DISTOPIA, il titolo della mostra, è una parola che indica una previsione di uno stato di cose futuro, con tendenze avvertite nel presente dove si prefigurano situazioni, assetti politico-sociali e tecnologici altamente negativi.

Anche se l’autore non vuole spaventarci e ci sa affascinarci nel gioco del suo occhio fotografico, dove l’aiuto di una stampa luminosa e quasi tridimensionale, bene raccorda le immagini di antichi monumenti italiani con tutte le voluttuose insinuazioni che l’acqua sa offrire, il racconto distopico appare evidente, seppure apparentemente celato dall’amore che l’autore ha – e si vede – per le profondità dei mari che nella loro bellezza sanno contenere anche tutta la loro terribilità.

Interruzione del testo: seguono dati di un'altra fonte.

lemma normal_equation_range_proj:
  assumes Y: "A\<^sup>H ** A ** Y = A\<^sup>H"
  shows "(A ** Y)\<^sup>H = A ** Y" and "A ** Y ** A = A"
proof -
  let ?P = "A ** Y"
  have "(?P)\<^sup>H ** ?P = Y\<^sup>H ** (A\<^sup>H ** A ** Y)"
    by (simp only: conj_transpose_mult matrix_mul_assoc)
  then have gram: "(?P)\<^sup>H ** ?P = (?P)\<^sup>H"
    by (simp only: Y conj_transpose_mult)
  have "?P = ((?P)\<^sup>H ** ?P)\<^sup>H"
    by (simp only: gram conj_transpose_conj_transpose)
  also have "\<dots> = (?P)\<^sup>H ** ?P"
    by (simp only: conj_transpose_mult conj_transpose_conj_transpose)
  finally show herm: "(?P)\<^sup>H = ?P"
    by (simp only: gram)
  have "A\<^sup>H ** ?P = A\<^sup>H"
    by (simp only: matrix_mul_assoc Y)
  then have "((?P)\<^sup>H ** A)\<^sup>H = A\<^sup>H"
    by (simp only: conj_transpose_mult conj_transpose_conj_transpose)
  then have "(?P)\<^sup>H ** A = A"
    by (metis conj_transpose_conj_transpose)
  then show "?P ** A = A"
    by (simp only: herm)
qed

definition penrose_conditions :: "complex^'n^'m \<Rightarrow> complex^'m^'n \<Rightarrow> bool" where
  "penrose_conditions A X \<longleftrightarrow> A ** X ** A = A \<and> X ** A ** X = X \<and>
     (A ** X)\<^sup>H = A ** X \<and> (X ** A)\<^sup>H = X ** A"

lemma penrose_conditions_exist: "\<exists>X. penrose_conditions A X"
proof -
  \<comment> \<open>\<open>A ** Y\<close> and \<open>A\<^sup>H ** Z\<close> project onto the ranges of \<open>A\<close> and \<open>A\<^sup>H\<close>;
    \<open>A\<^sup>H ** Z ** Y\<close> is then the Moore-Penrose inverse.\<close>
  obtain Y where "A\<^sup>H ** A ** Y = A\<^sup>H"
    using normal_equation_matrix_solvable by blast
  from normal_equation_range_proj[OF this]
  have P_herm: "(A ** Y)\<^sup>H = A ** Y" and PA: "A ** Y ** A = A" .
  obtain Z where Z: "(A\<^sup>H)\<^sup>H ** A\<^sup>H ** Z = (A\<^sup>H)\<^sup>H"
    using normal_equation_matrix_solvable by blast
  define Q where "Q = A\<^sup>H ** Z"
  from normal_equation_range_proj[OF Z, folded Q_def]
  have Q_herm: "Q\<^sup>H = Q" and QA: "Q ** A\<^sup>H = A\<^sup>H" .
  have "A = (Q ** A\<^sup>H)\<^sup>H"
    by (simp only: QA conj_transpose_conj_transpose)
  also have "\<dots> = A ** Q"
    by (simp only: conj_transpose_mult conj_transpose_conj_transpose Q_herm)
  finally have AQ: "A ** Q = A"
    by (rule sym)
  have QQ: "Q ** Q = Q"
    using QA by (metis Q_def matrix_mul_assoc)
  have "Q = Z\<^sup>H ** A"
    by (metis Q_def Q_herm conj_transpose_mult conj_transpose_conj_transpose)
  then have QYA: "Q ** Y ** A = Q"
    by (metis PA matrix_mul_assoc)
  have AX: "A ** (Q ** Y) = A ** Y"
    by (simp add: matrix_mul_assoc AQ)
  have QQY: "Q ** (Q ** Y) = Q ** Y"
    by (simp only: matrix_mul_assoc QQ)
  have "penrose_conditions A (Q ** Y)"
    unfolding penrose_conditions_def
    by (simp only: AX PA P_herm QQY QYA Q_herm simp_thms)
  then show ?thesis ..
qed

lemma penrose_conditions_unique:
  assumes X1: "penrose_conditions A X1" and X2: "penrose_conditions A X2"
  shows "X1 = X2"
proof -
  have a1: "A ** X1 ** A = A" "X1 ** A ** X1 = X1" "(A ** X1)\<^sup>H = A ** X1" "(X1 ** A)\<^sup>H = X1 ** A"
    using X1 by (auto simp: penrose_conditions_def)
  have a2: "A ** X2 ** A = A" "X2 ** A ** X2 = X2" "(A ** X2)\<^sup>H = A ** X2" "(X2 ** A)\<^sup>H = X2 ** A"
    using X2 by (auto simp: penrose_conditions_def)
  have "X1 = X1 ** (A ** X1)\<^sup>H"
    by (simp add: matrix_mul_assoc a1)
  also have "\<dots> = X1 ** X1\<^sup>H ** (A ** X2 ** A)\<^sup>H"
    by (simp add: a2 conj_transpose_mult matrix_mul_assoc)
  also have "\<dots> = X1 ** (A ** X1)\<^sup>H ** (A ** X2)\<^sup>H"
    by (simp add: conj_transpose_mult matrix_mul_assoc)
  also have "\<dots> = X1 ** A ** X2"
    by (simp add: a1 a2 matrix_mul_assoc)
  finally have left: "X1 = X1 ** A ** X2" .
  have "X2 = (X2 ** A)\<^sup>H ** X2"
    by (simp add: a2)
  also have "\<dots> = (A ** X1 ** A)\<^sup>H ** X2\<^sup>H ** X2"
    by (simp add: a1 conj_transpose_mult matrix_mul_assoc)
  also have "\<dots> = (X1 ** A)\<^sup>H ** (X2 ** A)\<^sup>H ** X2"
    by (simp add: conj_transpose_mult matrix_mul_assoc)
  also have "\<dots> = X1 ** A ** (X2 ** A) ** X2"
    by (simp only: a1 a2)
  also have "\<dots> = X1 ** A ** (X2 ** A ** X2)"
    by (simp only: matrix_mul_assoc)
  also have "\<dots> = X1 ** A ** X2"
    by (simp only: a2)
  finally show ?thesis
    using left by simp
qed

lemma penrose_conditions_moore_penrose: "penrose_conditions A (A\<^sup>\<dagger>)"
proof -
  have "\<exists>!X. penrose_conditions A X"
    using penrose_conditions_exist penrose_conditions_unique by blast
  then have "penrose_conditions A (THE X. penrose_conditions A X)"
    by (rule theI')
  then show ?thesis
    by (simp add: moore_penrose_def penrose_conditions_def)
qed

lemma moore_penrose_eqs:
  shows moore_penrose_absorb_left: "A ** A\<^sup>\<dagger> ** A = A"
    and moore_penrose_absorb_right: "A\<^sup>\<dagger> ** A ** A\<^sup>\<dagger> = A\<^sup>\<dagger>"
    and conj_transpose_mult_moore_penrose: "(A ** A\<^sup>\<dagger>)\<^sup>H = A ** A\<^sup>\<dagger>"
    and conj_transpose_moore_penrose_mult: "(A\<^sup>\<dagger> ** A)\<^sup>H = A\<^sup>\<dagger> ** A"
  using penrose_conditions_moore_penrose[of A] by (simp_all add: penrose_conditions_def)

lemma orth_proj_moore_penrose: "orth_proj (A ** A\<^sup>\<dagger>)" "orth_proj (A\<^sup>\<dagger> ** A)"
  unfolding orth_proj_def
  by (simp_all add: moore_penrose_eqs matrix_mul_assoc[symmetric])
     (simp_all add: matrix_mul_assoc moore_penrose_eqs)

lemma frob_norm_mult_le_moore_penrose_right:
  "frob_norm (X ** B) \<le> (spec_norm B)\<^sup>2 * frob_norm (B\<^sup>\<dagger> ** X\<^sup>H)"
proof -
  have "B = (B ** B\<^sup>\<dagger>)\<^sup>H ** B"
    by (simp add: conj_transpose_mult_moore_penrose moore_penrose_absorb_left)
  then have "X ** B = X ** (B\<^sup>\<dagger>)\<^sup>H ** B\<^sup>H ** B"
    by (metis conj_transpose_mult matrix_mul_assoc)
  also have "frob_norm \<dots> \<le> frob_norm (X ** (B\<^sup>\<dagger>)\<^sup>H ** B\<^sup>H) * spec_norm B"
    by (rule frob_norm_mult_le_right)
  also have "\<dots> \<le> frob_norm (X ** (B\<^sup>\<dagger>)\<^sup>H) * spec_norm (B\<^sup>H) * spec_norm B"
    by (intro mult_right_mono frob_norm_mult_le_right spec_norm_nonneg)
  also have "\<dots> = (spec_norm B)\<^sup>2 * frob_norm (B\<^sup>\<dagger> ** X\<^sup>H)"
    using frob_norm_conj_transpose_mult_commute[of "X\<^sup>H" "(B\<^sup>\<dagger>)\<^sup>H"]
    by (simp add: spec_norm_conj_transpose power2_eq_square)
  finally show ?thesis .
qed

lemma frob_norm_mult_le_moore_penrose_left:
  "frob_norm (A ** Y) \<le> (spec_norm A)\<^sup>2 * frob_norm (Y\<^sup>H ** A\<^sup>\<dagger>)"
proof -
  have "A = A ** (A\<^sup>\<dagger> ** A)\<^sup>H"
    by (simp add: conj_transpose_moore_penrose_mult matrix_mul_assoc moore_penrose_absorb_left)
  then have "A ** Y = A ** (A\<^sup>H ** ((A\<^sup>\<dagger>)\<^sup>H ** Y))"
    by (metis conj_transpose_mult matrix_mul_assoc)
  also have "frob_norm \<dots> \<le> spec_norm A * frob_norm (A\<^sup>H ** ((A\<^sup>\<dagger>)\<^sup>H ** Y))"
    by (rule frob_norm_mult_le_left)
  also have "\<dots> \<le> spec_norm A * (spec_norm (A\<^sup>H) * frob_norm ((A\<^sup>\<dagger>)\<^sup>H ** Y))"
    by (intro mult_left_mono frob_norm_mult_le_left spec_norm_nonneg)
  also have "\<dots> = (spec_norm A)\<^sup>2 * frob_norm (Y\<^sup>H ** A\<^sup>\<dagger>)"
    using frob_norm_conj_transpose_mult_commute[of "A\<^sup>\<dagger>" Y]
    by (simp add: spec_norm_conj_transpose power2_eq_square)
  finally show ?thesis .
qed

lemma frob_norm_sq_diff_left_proj_le:
  "(frob_norm (B - A))\<^sup>2 - (frob_norm (A ** A\<^sup>\<dagger> ** (B - A)))\<^sup>2
     \<le> (spec_norm B) ^ 4 * (frob_norm (B\<^sup>\<dagger> ** (mat 1 - A ** A\<^sup>\<dagger>)))\<^sup>2"
proof -
  let ?W = "mat 1 - A ** A\<^sup>\<dagger>"
  have W: "orth_proj ?W"
    by (rule orth_proj_complement[OF orth_proj_moore_penrose(1)[of A]])
  have "?W ** A = 0"
    by (simp add: matrix_diff_rdistrib moore_penrose_absorb_left)
  then have "?W ** (B - A) = ?W ** B"
    by (simp add: matrix_diff_ldistrib)
  then have "(frob_norm (B - A))\<^sup>2 - (frob_norm (A ** A\<^sup>\<dagger> ** (B - A)))\<^sup>2 = (frob_norm (?W ** B))\<^sup>2"
    using frob_norm_sq_orth_proj_left[OF orth_proj_moore_penrose(1)[of A], of "B - A"] by simp
  also have "\<dots> \<le> ((spec_norm B)\<^sup>2 * frob_norm (B\<^sup>\<dagger> ** ?W))\<^sup>2"
    using frob_norm_mult_le_moore_penrose_right[of ?W B] W
    by (simp add: orth_proj_def frob_norm_nonneg power_mono)
  finally show ?thesis
    by (simp add: power_mult_distrib)
qed

lemma frob_norm_sq_diff_right_proj_le:
  "(frob_norm (B - A))\<^sup>2 - (frob_norm ((B - A) ** B\<^sup>\<dagger> ** B))\<^sup>2
     \<le> (spec_norm A) ^ 4 * (frob_norm ((mat 1 - B\<^sup>\<dagger> ** B) ** A\<^sup>\<dagger>))\<^sup>2"
proof -
  let ?V = "mat 1 - B\<^sup>\<dagger> ** B"
  have V: "orth_proj ?V"
    by (rule orth_proj_complement[OF orth_proj_moore_penrose(2)[of B]])
  have "B ** ?V = 0"
    by (simp add: matrix_diff_ldistrib matrix_mul_assoc moore_penrose_absorb_left)
  then have "(B - A) ** ?V = - (A ** ?V)"
    by (simp add: matrix_diff_rdistrib)
  then have "(frob_norm (B - A))\<^sup>2 - (frob_norm ((B - A) ** B\<^sup>\<dagger> ** B))\<^sup>2 = (frob_norm (A ** ?V))\<^sup>2"
    using frob_norm_sq_orth_proj_right[OF orth_proj_moore_penrose(2)[of B], of "B - A"]
    by (simp add: matrix_mul_assoc frob_norm_uminus)
  also have "\<dots> \<le> ((spec_norm A)\<^sup>2 * frob_norm (?V ** A\<^sup>\<dagger>))\<^sup>2"
    using frob_norm_mult_le_moore_penrose_left[of A ?V] V
    by (simp add: orth_proj_def frob_norm_nonneg power_mono)
  finally show ?thesis
    by (simp add: power_mult_distrib)
qed

lemma frob_norm_sq_moore_penrose_diff_ge:
  "(frob_norm (B\<^sup>\<dagger> ** (B - A) ** A\<^sup>\<dagger>))\<^sup>2 + (frob_norm (B\<^sup>\<dagger> ** (mat 1 - A ** A\<^sup>\<dagger>)))\<^sup>2
     + (frob_norm ((mat 1 - B\<^sup>\<dagger> ** B) ** A\<^sup>\<dagger>))\<^sup>2 \<le> (frob_norm (B\<^sup>\<dagger> - A\<^sup>\<dagger>))\<^sup>2"
proof -
  define P where "P = A ** A\<^sup>\<dagger>"
  define Q where "Q = B\<^sup>\<dagger> ** B"
  define D where "D = B\<^sup>\<dagger> - A\<^sup>\<dagger>"
  note absorb = moore_penrose_absorb_left moore_penrose_absorb_right
  note absorb_ext = absorb[THEN matrix_mul_left_extend]
  have "Q ** D ** P = - (B\<^sup>\<dagger> ** (B - A) ** A\<^sup>\<dagger>)"
    unfolding P_def Q_def D_def
    by (simp add: matrix_diff_ldistrib matrix_diff_rdistrib matrix_mul_assoc absorb absorb_ext)
  moreover have "Q ** D ** (mat 1 - P) = B\<^sup>\<dagger> ** (mat 1 - P)"
    unfolding P_def Q_def D_def
    by (simp add: matrix_diff_ldistrib matrix_diff_rdistrib matrix_mul_assoc absorb absorb_ext)
  moreover have "(mat 1 - Q) ** D ** P = - ((mat 1 - Q) ** A\<^sup>\<dagger>)"
    unfolding P_def Q_def D_def
    by (simp add: matrix_diff_ldistrib matrix_diff_rdistrib matrix_mul_assoc absorb absorb_ext)
  moreover have "(frob_norm D)\<^sup>2 = (frob_norm (Q ** D ** P))\<^sup>2 + (frob_norm (Q ** D ** (mat 1 - P)))\<^sup>2
      + (frob_norm ((mat 1 - Q) ** D ** P))\<^sup>2 + (frob_norm ((mat 1 - Q) ** D ** (mat 1 - P)))\<^sup>2"
    using frob_norm_sq_orth_proj_left[OF orth_proj_moore_penrose(2)[of B], of D]
      frob_norm_sq_orth_proj_right[OF orth_proj_moore_penrose(1)[of A], of "Q ** D"]
      frob_norm_sq_orth_proj_right[OF orth_proj_moore_penrose(1)[of A], of "(mat 1 - Q) ** D"]
    by (simp add: P_def Q_def)
  ultimately show ?thesis
    by (simp add: D_def P_def Q_def frob_norm_uminus)
qed

lemma frob_norm_sq_moore_penrose_diff_lower_bound:
  fixes A B :: "complex^'n^'m"
  defines "E \<equiv> B - A"
  shows "(frob_norm (B\<^sup>\<dagger> ** E ** A\<^sup>\<dagger>))\<^sup>2
      + ((frob_norm E)\<^sup>2 - (frob_norm (E ** B\<^sup>\<dagger> ** B))\<^sup>2) / (spec_norm A) ^ 4
      + ((frob_norm E)\<^sup>2 - (frob_norm (A ** A\<^sup>\<dagger> ** E))\<^sup>2) / (spec_norm B) ^ 4
    \<le> (frob_norm (B\<^sup>\<dagger> - A\<^sup>\<dagger>))\<^sup>2"
proof -
  \<comment> \<open>If a spectral norm vanishes, the quotient is \<open>0\<close> by the convention \<open>x / 0 = 0\<close>.\<close>
  have "((frob_norm E)\<^sup>2 - (frob_norm (E ** B\<^sup>\<dagger> ** B))\<^sup>2) / (spec_norm A) ^ 4
      \<le> (frob_norm ((mat 1 - B\<^sup>\<dagger> ** B) ** A\<^sup>\<dagger>))\<^sup>2"
    using frob_norm_sq_diff_right_proj_le[where A = A and B = B] spec_norm_nonneg[of A]
    by (auto simp: E_def divide_le_eq mult.commute)
  moreover have "((frob_norm E)\<^sup>2 - (frob_norm (A ** A\<^sup>\<dagger> ** E))\<^sup>2) / (spec_norm B) ^ 4
      \<le> (frob_norm (B\<^sup>\<dagger> ** (mat 1 - A ** A\<^sup>\<dagger>)))\<^sup>2"
    using frob_norm_sq_diff_left_proj_le[where A = A and B = B] spec_norm_nonneg[of B]
    by (auto simp: E_def divide_le_eq mult.commute)
  ultimately show ?thesis
    using frob_norm_sq_moore_penrose_diff_ge[where A = A and B = B] by (simp add: E_def)
qed
definition simple_path :: "('v \<times> 'v) set \<Rightarrow> 'v \<Rightarrow> 'v \<Rightarrow> 'v list \<Rightarrow> bool" where
  "simple_path E s t p \<longleftrightarrow> p \<noteq> [] \<and> hd p = s \<and> last p = t \<and> distinct p \<and>
     (\<forall>k. Suc k < length p \<longrightarrow> (p ! k, p ! Suc k) \<in> E)"

definition paths :: "('v \<times> 'v) set \<Rightarrow> 'v \<Rightarrow> 'v \<Rightarrow> 'v list set" where
  "paths E s t = {p. simple_path E s t p}"

definition Paths :: "('v \<times> 'v) set \<Rightarrow> 'i set \<Rightarrow> ('i \<Rightarrow> 'v) \<Rightarrow> ('i \<Rightarrow> 'v) \<Rightarrow> ('i \<times> 'v list) set" where
  "Paths E I s t = {(i, p). i \<in> I \<and> p \<in> paths E (s i) (t i)}"

text \<open>R^P: real vectors indexed by P, represented as functions vanishing outside P.\<close>
definition vecs :: "'a set \<Rightarrow> ('a \<Rightarrow> real) set" where
  "vecs P = {x. \<forall>q. q \<notin> P \<longrightarrow> x q = 0}"

definition feasible_flow ::
  "('v \<times> 'v) set \<Rightarrow> 'i set \<Rightarrow> ('i \<Rightarrow> 'v) \<Rightarrow> ('i \<Rightarrow> 'v) \<Rightarrow> ('i \<Rightarrow> real) \<Rightarrow> ('i \<times> 'v list \<Rightarrow> real) \<Rightarrow> bool" where
  "feasible_flow E I s t d x \<longleftrightarrow> x \<in> vecs (Paths E I s t) \<and>
     (\<forall>q \<in> Paths E I s t. 0 \<le> x q) \<and>
     (\<forall>i \<in> I. (\<Sum>p \<in> paths E (s i) (t i). x (i, p)) = d i)"

definition Gext :: "('a \<times> 'b) set \<Rightarrow> ('a \<times> 'b \<Rightarrow> 'j \<Rightarrow> real) \<Rightarrow> 'j \<Rightarrow> ('a \<times> 'b \<Rightarrow> real) \<Rightarrow> real" where
  "Gext P g j x = (\<Sum>q \<in> P. g q j * x q)"

definition differentiable_vecs :: "'a set \<Rightarrow> (('a \<Rightarrow> real) \<Rightarrow> real) \<Rightarrow> ('a \<Rightarrow> real) \<Rightarrow> bool" where
  "differentiable_vecs P \<Phi> x \<longleftrightarrow> (\<exists>D. \<forall>\<epsilon>>0. \<exists>\<delta>>0. \<forall>y \<in> vecs P.
      (\<Sum>q\<in>P. \<bar>y q - x q\<bar>) < \<delta> \<longrightarrow>
      \<bar>\<Phi> y - \<Phi> x - (\<Sum>q\<in>P. D q * (y q - x q))\<bar> \<le> \<epsilon> * (\<Sum>q\<in>P. \<bar>y q - x q\<bar>))"

definition has_partial_deriv :: "(('a \<Rightarrow> real) \<Rightarrow> real) \<Rightarrow> 'a \<Rightarrow> ('a \<Rightarrow> real) \<Rightarrow> real \<Rightarrow> bool" where
  "has_partial_deriv \<Phi> q x v \<longleftrightarrow> ((\<lambda>h. \<Phi> (x(q := x q + h))) has_real_derivative v) (at 0)"

definition convex_vecs :: "'a set \<Rightarrow> (('a \<Rightarrow> real) \<Rightarrow> real) \<Rightarrow> bool" where
  "convex_vecs P \<Phi> \<longleftrightarrow> (\<forall>x \<in> vecs P. \<forall>y \<in> vecs P. \<forall>u::real. 0 \<le> u \<and> u \<le> 1 \<longrightarrow>
      \<Phi> (\<lambda>q. u * x q + (1 - u) * y q) \<le> u * \<Phi> x + (1 - u) * \<Phi> y)"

I monumenti sono qui immersi in uno stato quasi formalinico, i confini di vita e morte si confondono, i concetti, ormai esiliati anche dalla fisica attuale di spazio e di tempo scompaiono, ributtandoci nel vivo del nostro inconscio umano, realtà da noi continuamente violata, luogo sempre inesplorato perchè – come l’umano – mai finito che, costretto a una posizione difensiva, si esprime sempre più in una volontà universale di distruzione.

Il ritmo di evoluzione della coscienza attraverso la scienza e la tecnologia imperanti è stato troppo affrettato e ha lasciato l’inconscio incapace di tenere il passo, e l’inconscio ci sta sommergendo, proprio come Aldo Salucci immagina, artisticamente e realisticamente.

Non importa se con una robusta ondata o con una carezza lieve, qui tutto è sommerso ( annegato ? ) e ci interroga.

Non è certo a caso che l’uomo non appaia mai in queste immagini.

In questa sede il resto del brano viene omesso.